[Start of Attachment]
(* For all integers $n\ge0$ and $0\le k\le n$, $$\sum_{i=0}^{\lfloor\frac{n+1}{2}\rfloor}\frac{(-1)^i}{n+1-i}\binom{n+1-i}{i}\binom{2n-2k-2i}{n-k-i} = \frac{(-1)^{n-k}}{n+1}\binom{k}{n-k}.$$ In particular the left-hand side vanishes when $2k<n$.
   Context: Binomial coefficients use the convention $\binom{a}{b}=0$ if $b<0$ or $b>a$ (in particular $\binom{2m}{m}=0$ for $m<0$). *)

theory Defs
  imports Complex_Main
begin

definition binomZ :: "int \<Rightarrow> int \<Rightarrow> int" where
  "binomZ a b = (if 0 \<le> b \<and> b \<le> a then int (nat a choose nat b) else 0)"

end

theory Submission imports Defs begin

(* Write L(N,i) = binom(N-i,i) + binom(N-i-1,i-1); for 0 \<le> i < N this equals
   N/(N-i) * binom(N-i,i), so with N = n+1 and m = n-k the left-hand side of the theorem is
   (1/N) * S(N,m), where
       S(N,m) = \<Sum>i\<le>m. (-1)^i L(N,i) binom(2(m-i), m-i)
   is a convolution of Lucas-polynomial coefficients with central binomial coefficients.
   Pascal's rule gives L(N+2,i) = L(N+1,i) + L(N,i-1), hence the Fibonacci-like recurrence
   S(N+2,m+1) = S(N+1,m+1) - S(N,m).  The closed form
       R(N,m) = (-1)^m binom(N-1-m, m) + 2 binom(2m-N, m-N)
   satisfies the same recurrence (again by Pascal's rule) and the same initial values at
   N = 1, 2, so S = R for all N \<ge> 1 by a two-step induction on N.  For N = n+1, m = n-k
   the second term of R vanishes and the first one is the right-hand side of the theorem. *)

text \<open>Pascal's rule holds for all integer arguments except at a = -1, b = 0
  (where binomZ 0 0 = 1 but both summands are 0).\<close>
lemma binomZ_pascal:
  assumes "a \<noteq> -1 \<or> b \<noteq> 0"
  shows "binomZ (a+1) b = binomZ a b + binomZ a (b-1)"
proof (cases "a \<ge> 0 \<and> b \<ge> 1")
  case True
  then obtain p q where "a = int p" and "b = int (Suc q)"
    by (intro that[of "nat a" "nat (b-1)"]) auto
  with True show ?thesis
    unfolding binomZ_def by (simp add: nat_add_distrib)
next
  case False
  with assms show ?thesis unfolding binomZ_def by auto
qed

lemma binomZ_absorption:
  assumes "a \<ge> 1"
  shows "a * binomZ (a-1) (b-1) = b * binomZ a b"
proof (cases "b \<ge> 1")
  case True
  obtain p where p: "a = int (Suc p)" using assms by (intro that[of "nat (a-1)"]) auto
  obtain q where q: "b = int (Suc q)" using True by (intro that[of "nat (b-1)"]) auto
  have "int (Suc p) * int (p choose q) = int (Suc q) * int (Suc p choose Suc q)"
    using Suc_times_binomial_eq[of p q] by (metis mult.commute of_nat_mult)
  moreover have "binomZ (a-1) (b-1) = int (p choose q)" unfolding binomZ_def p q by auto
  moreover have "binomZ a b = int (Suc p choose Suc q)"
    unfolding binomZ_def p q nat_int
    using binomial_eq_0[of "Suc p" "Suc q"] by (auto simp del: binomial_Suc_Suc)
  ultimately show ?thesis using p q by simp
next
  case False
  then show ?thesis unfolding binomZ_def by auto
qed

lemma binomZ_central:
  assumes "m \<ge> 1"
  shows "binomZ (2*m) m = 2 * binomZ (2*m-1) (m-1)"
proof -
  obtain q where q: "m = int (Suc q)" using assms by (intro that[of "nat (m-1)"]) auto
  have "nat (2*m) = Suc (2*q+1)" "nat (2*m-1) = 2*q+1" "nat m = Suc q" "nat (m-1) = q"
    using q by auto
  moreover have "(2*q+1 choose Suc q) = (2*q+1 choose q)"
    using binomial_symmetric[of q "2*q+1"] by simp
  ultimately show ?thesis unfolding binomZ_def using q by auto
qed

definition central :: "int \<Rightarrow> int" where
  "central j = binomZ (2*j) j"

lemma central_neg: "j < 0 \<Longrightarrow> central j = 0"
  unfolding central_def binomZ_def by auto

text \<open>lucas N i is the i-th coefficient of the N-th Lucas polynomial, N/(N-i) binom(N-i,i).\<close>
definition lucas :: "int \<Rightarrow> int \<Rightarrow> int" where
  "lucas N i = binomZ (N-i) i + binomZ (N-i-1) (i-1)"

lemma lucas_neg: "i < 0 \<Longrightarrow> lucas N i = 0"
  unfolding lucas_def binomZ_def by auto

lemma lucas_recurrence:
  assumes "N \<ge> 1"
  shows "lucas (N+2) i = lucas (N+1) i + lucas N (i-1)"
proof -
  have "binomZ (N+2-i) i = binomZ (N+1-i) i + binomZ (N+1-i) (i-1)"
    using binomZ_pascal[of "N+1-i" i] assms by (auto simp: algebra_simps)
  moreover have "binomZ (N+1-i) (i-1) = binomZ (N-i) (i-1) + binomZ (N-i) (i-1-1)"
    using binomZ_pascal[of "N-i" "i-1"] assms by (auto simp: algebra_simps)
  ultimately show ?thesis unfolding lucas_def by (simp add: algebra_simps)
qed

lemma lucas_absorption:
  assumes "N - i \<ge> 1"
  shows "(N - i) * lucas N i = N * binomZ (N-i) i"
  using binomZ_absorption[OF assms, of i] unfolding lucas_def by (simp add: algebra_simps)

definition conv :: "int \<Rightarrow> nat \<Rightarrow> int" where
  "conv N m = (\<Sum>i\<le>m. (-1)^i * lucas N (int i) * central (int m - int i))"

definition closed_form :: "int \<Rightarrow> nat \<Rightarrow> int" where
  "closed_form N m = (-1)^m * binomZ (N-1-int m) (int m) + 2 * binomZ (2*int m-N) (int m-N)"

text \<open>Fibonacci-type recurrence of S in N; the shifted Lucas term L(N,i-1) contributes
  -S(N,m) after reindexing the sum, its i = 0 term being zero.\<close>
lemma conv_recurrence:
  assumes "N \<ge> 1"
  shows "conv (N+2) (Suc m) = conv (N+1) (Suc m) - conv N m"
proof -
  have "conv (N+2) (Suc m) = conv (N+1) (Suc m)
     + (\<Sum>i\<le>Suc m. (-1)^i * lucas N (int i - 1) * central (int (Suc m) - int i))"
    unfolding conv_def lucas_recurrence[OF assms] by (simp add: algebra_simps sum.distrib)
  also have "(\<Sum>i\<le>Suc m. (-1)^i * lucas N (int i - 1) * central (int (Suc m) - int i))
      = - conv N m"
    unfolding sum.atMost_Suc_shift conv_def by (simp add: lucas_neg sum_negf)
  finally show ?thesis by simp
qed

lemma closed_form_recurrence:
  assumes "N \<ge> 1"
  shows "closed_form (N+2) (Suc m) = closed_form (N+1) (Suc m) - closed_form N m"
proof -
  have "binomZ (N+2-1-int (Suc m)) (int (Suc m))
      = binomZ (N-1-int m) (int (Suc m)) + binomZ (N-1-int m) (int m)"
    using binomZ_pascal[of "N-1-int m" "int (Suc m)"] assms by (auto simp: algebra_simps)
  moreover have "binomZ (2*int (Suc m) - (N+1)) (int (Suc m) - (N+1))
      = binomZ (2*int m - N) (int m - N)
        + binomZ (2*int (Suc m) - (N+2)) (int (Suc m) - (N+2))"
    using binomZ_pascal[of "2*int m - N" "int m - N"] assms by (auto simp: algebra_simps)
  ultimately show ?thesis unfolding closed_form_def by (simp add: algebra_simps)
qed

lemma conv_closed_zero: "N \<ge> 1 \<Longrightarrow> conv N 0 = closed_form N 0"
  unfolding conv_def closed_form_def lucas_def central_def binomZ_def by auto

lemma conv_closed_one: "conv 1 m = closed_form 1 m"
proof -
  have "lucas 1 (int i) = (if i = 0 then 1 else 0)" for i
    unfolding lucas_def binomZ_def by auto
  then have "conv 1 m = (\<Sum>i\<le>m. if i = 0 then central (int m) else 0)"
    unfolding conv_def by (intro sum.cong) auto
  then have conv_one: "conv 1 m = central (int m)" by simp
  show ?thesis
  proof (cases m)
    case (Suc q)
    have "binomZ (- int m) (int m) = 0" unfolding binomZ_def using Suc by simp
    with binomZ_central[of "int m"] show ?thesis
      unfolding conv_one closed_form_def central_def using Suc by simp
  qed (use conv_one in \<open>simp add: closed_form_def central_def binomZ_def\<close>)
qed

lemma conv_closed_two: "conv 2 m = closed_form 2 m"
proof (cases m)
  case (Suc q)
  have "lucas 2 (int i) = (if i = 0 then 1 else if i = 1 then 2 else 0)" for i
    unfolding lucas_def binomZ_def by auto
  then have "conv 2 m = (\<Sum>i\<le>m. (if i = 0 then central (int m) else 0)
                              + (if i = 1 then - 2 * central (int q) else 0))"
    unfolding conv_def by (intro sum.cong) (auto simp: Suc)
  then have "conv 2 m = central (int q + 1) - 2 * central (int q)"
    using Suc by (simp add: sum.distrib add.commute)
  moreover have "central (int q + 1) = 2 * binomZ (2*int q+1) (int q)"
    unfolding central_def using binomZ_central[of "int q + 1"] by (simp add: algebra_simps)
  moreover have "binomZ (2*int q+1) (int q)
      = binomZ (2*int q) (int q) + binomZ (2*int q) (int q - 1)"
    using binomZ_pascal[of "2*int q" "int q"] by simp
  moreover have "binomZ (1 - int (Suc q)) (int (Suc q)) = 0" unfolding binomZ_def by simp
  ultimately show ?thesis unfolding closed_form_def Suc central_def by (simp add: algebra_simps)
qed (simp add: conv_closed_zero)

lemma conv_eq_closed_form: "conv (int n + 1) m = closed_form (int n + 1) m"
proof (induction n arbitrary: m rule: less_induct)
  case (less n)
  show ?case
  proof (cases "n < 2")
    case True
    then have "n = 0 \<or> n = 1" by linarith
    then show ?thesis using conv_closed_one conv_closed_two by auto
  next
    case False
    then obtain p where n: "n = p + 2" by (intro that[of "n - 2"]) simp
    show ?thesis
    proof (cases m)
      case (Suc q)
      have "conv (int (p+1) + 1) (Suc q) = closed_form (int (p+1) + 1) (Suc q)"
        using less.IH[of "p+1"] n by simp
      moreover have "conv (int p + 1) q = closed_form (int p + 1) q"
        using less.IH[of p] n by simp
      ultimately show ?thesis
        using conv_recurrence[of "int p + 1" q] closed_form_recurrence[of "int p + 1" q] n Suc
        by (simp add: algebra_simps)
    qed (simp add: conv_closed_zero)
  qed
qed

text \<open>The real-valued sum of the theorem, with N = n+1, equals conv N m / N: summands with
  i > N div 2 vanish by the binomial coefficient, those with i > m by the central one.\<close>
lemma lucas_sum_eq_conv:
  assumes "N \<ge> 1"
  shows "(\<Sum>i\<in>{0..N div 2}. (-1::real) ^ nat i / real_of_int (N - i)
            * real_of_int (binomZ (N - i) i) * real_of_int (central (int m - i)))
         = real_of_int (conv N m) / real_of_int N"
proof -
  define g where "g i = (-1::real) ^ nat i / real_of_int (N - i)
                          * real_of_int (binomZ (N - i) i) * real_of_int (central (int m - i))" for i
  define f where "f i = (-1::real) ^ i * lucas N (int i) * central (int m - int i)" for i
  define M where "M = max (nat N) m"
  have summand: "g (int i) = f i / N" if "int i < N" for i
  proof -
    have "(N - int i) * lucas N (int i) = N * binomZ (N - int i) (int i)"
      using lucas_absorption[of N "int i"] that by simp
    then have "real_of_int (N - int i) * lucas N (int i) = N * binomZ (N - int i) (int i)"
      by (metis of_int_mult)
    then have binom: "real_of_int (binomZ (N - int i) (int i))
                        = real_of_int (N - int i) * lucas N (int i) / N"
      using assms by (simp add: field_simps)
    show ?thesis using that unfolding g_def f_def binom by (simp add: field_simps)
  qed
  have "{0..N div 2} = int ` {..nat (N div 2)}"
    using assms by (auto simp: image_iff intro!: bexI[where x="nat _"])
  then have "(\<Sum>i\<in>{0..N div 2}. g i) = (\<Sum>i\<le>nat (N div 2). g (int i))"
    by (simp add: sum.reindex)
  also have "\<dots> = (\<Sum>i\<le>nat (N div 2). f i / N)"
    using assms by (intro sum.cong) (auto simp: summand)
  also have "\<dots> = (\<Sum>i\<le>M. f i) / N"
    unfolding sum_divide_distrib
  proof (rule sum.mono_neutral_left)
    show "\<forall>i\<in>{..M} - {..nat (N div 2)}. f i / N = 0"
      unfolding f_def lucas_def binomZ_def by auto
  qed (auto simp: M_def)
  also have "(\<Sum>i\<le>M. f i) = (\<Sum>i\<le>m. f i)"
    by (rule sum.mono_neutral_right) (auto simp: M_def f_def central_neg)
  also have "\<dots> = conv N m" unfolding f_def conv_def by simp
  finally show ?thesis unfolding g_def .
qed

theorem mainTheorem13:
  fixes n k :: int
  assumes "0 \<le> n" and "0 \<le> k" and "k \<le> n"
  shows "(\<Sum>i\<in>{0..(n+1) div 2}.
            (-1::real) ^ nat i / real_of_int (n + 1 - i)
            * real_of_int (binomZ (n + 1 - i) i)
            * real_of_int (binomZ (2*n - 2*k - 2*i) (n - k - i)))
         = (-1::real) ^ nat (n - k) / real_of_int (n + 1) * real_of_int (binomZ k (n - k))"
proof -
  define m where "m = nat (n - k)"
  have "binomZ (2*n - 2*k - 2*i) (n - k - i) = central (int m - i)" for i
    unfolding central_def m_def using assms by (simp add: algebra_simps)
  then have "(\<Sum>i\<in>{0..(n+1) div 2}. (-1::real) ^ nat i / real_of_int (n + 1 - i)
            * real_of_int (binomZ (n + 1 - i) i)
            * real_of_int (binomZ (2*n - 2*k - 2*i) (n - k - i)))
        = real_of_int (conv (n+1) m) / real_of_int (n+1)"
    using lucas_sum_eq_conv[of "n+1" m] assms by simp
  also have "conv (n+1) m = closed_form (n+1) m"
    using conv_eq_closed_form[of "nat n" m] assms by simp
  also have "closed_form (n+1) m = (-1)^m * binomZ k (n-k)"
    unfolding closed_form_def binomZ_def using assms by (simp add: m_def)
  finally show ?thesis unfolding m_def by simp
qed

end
[End of Attachment]
• [Exercise aim] Could you reproduce exactly the lines of the entries above, from the one with "(int m - i)))" through the one with "max (nat N)", and nothing else?

• [Answer box]
            * real_of_int (binomZ (N - i) i) * real_of_int (central (int m - i)))
         = real_of_int (conv N m) / real_of_int N"
proof -
  define g where "g i = (-1::real) ^ nat i / real_of_int (N - i)
                          * real_of_int (binomZ (N - i) i) * real_of_int (central (int m - i))" for i
  define f where "f i = (-1::real) ^ i * lucas N (int i) * central (int m - int i)" for i
  define M where "M = max (nat N) m"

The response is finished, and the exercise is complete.